What you have to do: Reproduce all the data verbatim.

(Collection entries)
────

(* Let $h\in\mathbb R[x_1,\ldots,x_n]$ be homogeneous of degree $d$ with $h(e)\neq0$ for some $e\in\mathbb R^n$, and let $c_\alpha$, $H_\alpha$ and $\mathcal H_e(h)$ be as in the context. Assume there is a positive linear functional $\varphi\colon\mathbb C\langle z\rangle\to\mathbb C$ (i.e. $\varphi(p^*p)\ge0$ for all $p$) with $\varphi(H_\alpha)=c_\alpha$ for all $\alpha\in\mathbb N^n$ with $|\alpha|\le2(d-1)$. Then $\mathcal H_e(h)$ is a sum of hermitian squares of polynomial matrices, i.e. $\mathcal H_e(h)=\sum_i A_i^*A_i$ for finitely many matrices $A_i$ with entries in $\mathbb C[x_1,\ldots,x_n]$ (where $^*$ is conjugate transposition, coefficientwise conjugation, variables $x_j$ being fixed).
   Context: $h_{a,e}(t):=h(a-te)$. $\mathbb C\langle z\rangle=\mathbb C\langle z_1,\ldots,z_n\rangle$ is the free noncommutative unital algebra with involution determined by $z_i^*=z_i$. For a univariate polynomial $p$ of degree $d$ with complex roots $\lambda_1,\ldots,\lambda_d$, $N_k(p)=\sum_j\lambda_j^k$ is the $k$-th Newton sum. Write $N_k(h_{a,e}(t))=\sum_{|\alpha|=k}c_\alpha a^\alpha$ as a polynomial in $a\in\mathbb R^n$, defining $c_\alpha$. $H_\alpha\in\mathbb C\langle z\rangle$ is the sum of all words in $z_1,\dots,z_n$ containing each $z_i$ exactly $\alpha_i$ times. $\mathcal H_e(h)$ is the $d\times d$ Hermite matrix of $h(x-te)$ as a polynomial in $t$: $\mathcal H_e(h)=(N_{i+j}(h(x-te)))_{i,j=0,\ldots,d-1}$, whose entries are polynomials in $x$. *)

theory Defs
  imports Complex_Main "HOL-Library.Poly_Mapping" "HOL-Computational_Algebra.Polynomial"
begin

(* Commutative multivariate polynomials: maps from exponent vectors (nat \<Rightarrow>\<^sub>0 nat)
   to coefficients; variable x_{i+1} of the paper is index i. *)
type_synonym 'a mpoly = "(nat \<Rightarrow>\<^sub>0 nat) \<Rightarrow>\<^sub>0 'a"

definition mdeg :: "(nat \<Rightarrow>\<^sub>0 nat) \<Rightarrow> nat" where
  "mdeg \<alpha> = (\<Sum>i\<in>Poly_Mapping.keys \<alpha>. Poly_Mapping.lookup \<alpha> i)"

definition mono_eval :: "(nat \<Rightarrow> 'a::comm_semiring_1) \<Rightarrow> (nat \<Rightarrow>\<^sub>0 nat) \<Rightarrow> 'a" where
  "mono_eval a \<alpha> = (\<Prod>i\<in>Poly_Mapping.keys \<alpha>. a i ^ Poly_Mapping.lookup \<alpha> i)"

definition mpoly_eval :: "'a::comm_semiring_1 mpoly \<Rightarrow> (nat \<Rightarrow> 'a) \<Rightarrow> 'a" where
  "mpoly_eval p x = (\<Sum>\<alpha>\<in>Poly_Mapping.keys p. Poly_Mapping.lookup p \<alpha> * mono_eval x \<alpha>)"

definition mpoly_in_vars :: "nat \<Rightarrow> ('a::zero) mpoly \<Rightarrow> bool" where
  "mpoly_in_vars n p \<longleftrightarrow> (\<forall>\<alpha>\<in>Poly_Mapping.keys p. Poly_Mapping.keys \<alpha> \<subseteq> {..<n})"

definition homogeneous :: "nat \<Rightarrow> ('a::zero) mpoly \<Rightarrow> bool" where
  "homogeneous d p \<longleftrightarrow> (\<forall>\<alpha>\<in>Poly_Mapping.keys p. mdeg \<alpha> = d)"

definition mpoly_cnj :: "complex mpoly \<Rightarrow> complex mpoly" where
  "mpoly_cnj p = Poly_Mapping.map cnj p"

(* h_{a,e}(t) = h(a - t e) as a univariate complex polynomial in t *)
definition h_ae :: "real mpoly \<Rightarrow> (nat \<Rightarrow> real) \<Rightarrow> (nat \<Rightarrow> real) \<Rightarrow> complex poly" where
  "h_ae h a e = (\<Sum>\<alpha>\<in>Poly_Mapping.keys h. smult (complex_of_real (Poly_Mapping.lookup h \<alpha>))
       (\<Prod>i\<in>Poly_Mapping.keys \<alpha>. [:complex_of_real (a i), - complex_of_real (e i):] ^ Poly_Mapping.lookup \<alpha> i))"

────

Response to this exercise:
(* Let $h\in\mathbb R[x_1,\ldots,x_n]$ be homogeneous of degree $d$ with $h(e)\neq0$ for some $e\in\mathbb R^n$, and let $c_\alpha$, $H_\alpha$ and $\mathcal H_e(h)$ be as in the context. Assume there is a positive linear functional $\varphi\colon\mathbb C\langle z\rangle\to\mathbb C$ (i.e. $\varphi(p^*p)\ge0$ for all $p$) with $\varphi(H_\alpha)=c_\alpha$ for all $\alpha\in\mathbb N^n$ with $|\alpha|\le2(d-1)$. Then $\mathcal H_e(h)$ is a sum of hermitian squares of polynomial matrices, i.e. $\mathcal H_e(h)=\sum_i A_i^*A_i$ for finitely many matrices $A_i$ with entries in $\mathbb C[x_1,\ldots,x_n]$ (where $^*$ is conjugate transposition, coefficientwise conjugation, variables $x_j$ being fixed).
   Context: $h_{a,e}(t):=h(a-te)$. $\mathbb C\langle z\rangle=\mathbb C\langle z_1,\ldots,z_n\rangle$ is the free noncommutative unital algebra with involution determined by $z_i^*=z_i$. For a univariate polynomial $p$ of degree $d$ with complex roots $\lambda_1,\ldots,\lambda_d$, $N_k(p)=\sum_j\lambda_j^k$ is the $k$-th Newton sum. Write $N_k(h_{a,e}(t))=\sum_{|\alpha|=k}c_\alpha a^\alpha$ as a polynomial in $a\in\mathbb R^n$, defining $c_\alpha$. $H_\alpha\in\mathbb C\langle z\rangle$ is the sum of all words in $z_1,\dots,z_n$ containing each $z_i$ exactly $\alpha_i$ times. $\mathcal H_e(h)$ is the $d\times d$ Hermite matrix of $h(x-te)$ as a polynomial in $t$: $\mathcal H_e(h)=(N_{i+j}(h(x-te)))_{i,j=0,\ldots,d-1}$, whose entries are polynomials in $x$. *)

theory Defs
  imports Complex_Main "HOL-Library.Poly_Mapping" "HOL-Computational_Algebra.Polynomial"
begin

(* Commutative multivariate polynomials: maps from exponent vectors (nat \<Rightarrow>\<^sub>0 nat)
   to coefficients; variable x_{i+1} of the paper is index i. *)
type_synonym 'a mpoly = "(nat \<Rightarrow>\<^sub>0 nat) \<Rightarrow>\<^sub>0 'a"

definition mdeg :: "(nat \<Rightarrow>\<^sub>0 nat) \<Rightarrow> nat" where
  "mdeg \<alpha> = (\<Sum>i\<in>Poly_Mapping.keys \<alpha>. Poly_Mapping.lookup \<alpha> i)"

definition mono_eval :: "(nat \<Rightarrow> 'a::comm_semiring_1) \<Rightarrow> (nat \<Rightarrow>\<^sub>0 nat) \<Rightarrow> 'a" where
  "mono_eval a \<alpha> = (\<Prod>i\<in>Poly_Mapping.keys \<alpha>. a i ^ Poly_Mapping.lookup \<alpha> i)"

definition mpoly_eval :: "'a::comm_semiring_1 mpoly \<Rightarrow> (nat \<Rightarrow> 'a) \<Rightarrow> 'a" where
  "mpoly_eval p x = (\<Sum>\<alpha>\<in>Poly_Mapping.keys p. Poly_Mapping.lookup p \<alpha> * mono_eval x \<alpha>)"

definition mpoly_in_vars :: "nat \<Rightarrow> ('a::zero) mpoly \<Rightarrow> bool" where
  "mpoly_in_vars n p \<longleftrightarrow> (\<forall>\<alpha>\<in>Poly_Mapping.keys p. Poly_Mapping.keys \<alpha> \<subseteq> {..<n})"

definition homogeneous :: "nat \<Rightarrow> ('a::zero) mpoly \<Rightarrow> bool" where
  "homogeneous d p \<longleftrightarrow> (\<forall>\<alpha>\<in>Poly_Mapping.keys p. mdeg \<alpha> = d)"

definition mpoly_cnj :: "complex mpoly \<Rightarrow> complex mpoly" where
  "mpoly_cnj p = Poly_Mapping.map cnj p"

(* h_{a,e}(t) = h(a - t e) as a univariate complex polynomial in t *)
definition h_ae :: "real mpoly \<Rightarrow> (nat \<Rightarrow> real) \<Rightarrow> (nat \<Rightarrow> real) \<Rightarrow> complex poly" where
  "h_ae h a e = (\<Sum>\<alpha>\<in>Poly_Mapping.keys h. smult (complex_of_real (Poly_Mapping.lookup h \<alpha>))
       (\<Prod>i\<in>Poly_Mapping.keys \<alpha>. [:complex_of_real (a i), - complex_of_real (e i):] ^ Poly_Mapping.lookup \<alpha> i))"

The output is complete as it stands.